With some changes in the library (like keeping the connection open as long as possible) and a new firmware version 1.3.6. the cube was way more cooperative and hasn’t crashed for about 1 month now (with 10 seconds update times).
So what does my library do? It is designed to run in it’s own thread. When it’s started it opens a connection to the cube and retrieves the current status and configuration information. Those informations are stored in an object called “House”. This house consists of multiple rooms – and those rooms are filled with window shutter contacts and thermostats. All information related to those different intances are stored along with them. The integration into h.a.c.s. allows the library to generate sensor and actor events (like when a temperature changes, a window opens/closes) which are passed back to h.a.c.s. and handled in the big event loop there.
With all that ELV MAX! cube data I wanted to plug a quite nice tool that I am using in the iPhone and the iPad. It’s called “Moni4home” and it allows you to control the EzControl XS1 directly. Because it’s only accessing the EzControl XS1 I used h.a.c.s. to “inject” additional sensor data into the standard EzControl XS1 data. So basically data flow is like this: iPad app accesses h.a.c.s. which acts as a proxy. h.a.c.s. retrieves the EzControl XS1 sensor and actor data and injects additional virtual sensors like those from the ELV MAX! cube. h.a.c.s. then sends that beefed up data to the iPad app.
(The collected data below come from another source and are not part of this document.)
(* Let $T$ be a countable tree with root $o$, and let $Q$ be a stochastic matrix on $T$ with $q(x,y)>0$ iff $x=y^-$. Let $\lambda\in\mathbb{C}\setminus\{0\}$ and $n\ge1$. Every $\lambda$-polyharmonic function $f$ of order $n$ for $Q$ has an integral representation $$f(x)=\sum_{r=0}^{n-1}\int_{\partial T}K_Q^{(r)}(x,\xi\mid\lambda)\,d\sigma_r(\xi),\qquad x\in T,$$ where the complex distributions $\sigma_0,\dots,\sigma_{n-1}$ are uniquely determined by $f$. Conversely, every function with such a representation is $\lambda$-polyharmonic of order $n$ for $Q$.
   Context: $|x|=d(o,x)$. $x^-$ is the neighbour of $x\ne o$ closer to $o$. $\partial T$ is the set of ends of $T$, and $\partial T_x$ is the set of ends whose geodesic ray from $o$ passes through $x$. $Qf(x)=\sum_{y:\,y^-=x}q(x,y)f(y)$, required to converge absolutely. $f$ is $\lambda$-polyharmonic of order $n$ for $Q$ if $(\lambda I-Q)^nf=0$. $q^{(n)}(o,x)=\prod_{i=1}^n q(x_{i-1},x_i)$ for $\pi(o,x)=[o=x_0,\dots,x_n=x]$. $K_Q(x,\xi\mid\lambda)=\lambda^{|x|}/q^{(|x|)}(o,x)$ if $x$ lies on the ray from $o$ to $\xi$, and $0$ otherwise. $K_Q^{(r)}$ denotes the $r$-th derivative with respect to $\lambda$; for fixed $x$ it is a constant multiple of the indicator of $\partial T_x$. A complex distribution is $\sigma:\{\partial T_x\}\to\mathbb{C}$ with $\sigma(\partial T_x)=\sum_{y^-=x}\sigma(\partial T_y)$, absolutely convergent. The integral of $c\cdot\mathbf 1_{\partial T_x}$ is $c\,\sigma(\partial T_x)$. *)

theory Defs
  imports "HOL-Analysis.Analysis"
begin

text \<open>Rooted tree on the vertex type 'a: par x is x^- (the neighbour of x closer to the root o),
  meaningful for x \<noteq> rt.\<close>

definition is_rooted_tree :: "('a \<Rightarrow> 'a) \<Rightarrow> 'a \<Rightarrow> bool" where
  "is_rooted_tree par rt \<longleftrightarrow> (\<forall>x. \<exists>k. (par ^^ k) x = rt)"

definition children :: "('a \<Rightarrow> 'a) \<Rightarrow> 'a \<Rightarrow> 'a \<Rightarrow> 'a set" where
  "children par rt x = {y. y \<noteq> rt \<and> par y = x}"

definition tdist :: "('a \<Rightarrow> 'a) \<Rightarrow> 'a \<Rightarrow> 'a \<Rightarrow> nat" where
  "tdist par rt x = (LEAST k. (par ^^ k) x = rt)"

definition tree_stochastic :: "('a \<Rightarrow> 'a) \<Rightarrow> 'a \<Rightarrow> ('a \<Rightarrow> 'a \<Rightarrow> real) \<Rightarrow> bool" where
  "tree_stochastic par rt q \<longleftrightarrow>
     (\<forall>x y. q x y \<ge> 0) \<and> (\<forall>x. (q x has_sum 1) UNIV) \<and>
     (\<forall>x y. q x y > 0 \<longleftrightarrow> (y \<noteq> rt \<and> par y = x))"

definition Qdefined :: "('a \<Rightarrow> 'a) \<Rightarrow> 'a \<Rightarrow> ('a \<Rightarrow> 'a \<Rightarrow> real) \<Rightarrow> ('a \<Rightarrow> complex) \<Rightarrow> bool" where
  "Qdefined par rt q f \<longleftrightarrow> (\<forall>x. (\<lambda>y. norm (complex_of_real (q x y) * f y)) summable_on children par rt x)"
Voilá!
After the successful integration of the ELV MAX! cube I’ve started to work on the next bit of networking home automation equipment in my house – a solar panel data logger called “Solar-Log 500”. This device monitors two solar power inverters and stores the sensory data.
“Funny” story first: this device has the same problem like the ELV MAX! cube. When you start to poll it every 10 seconds (or less) it just stops operating after about 20 hours. Bear in mind: In case of the Solar-Log I just http-get a page that looks like this in the browser:
And by doing so every 10 seconds the device stops working. I am using the current firmware – so one workaround for that issue is to planable reboot the Solar-Log at a time when there is no sun and therefore nothing to log or monitor.
Beside that it’s a fairly easy process: Get that information, log it. Done.
So there you have it – h.a.c.s. interfacing with three different devices and roughly 100 sensors and actors over 434mhz/868mhz, wireless and wired network. There’s still more to come!
A lot of people seem to dive into home automation these days. Apparently Andreas is also at the point of starting his own home automation project. Good to know that he also is using the EzControl XS1 and in the future maybe even the ELV MAX! cube. Party on Andreas!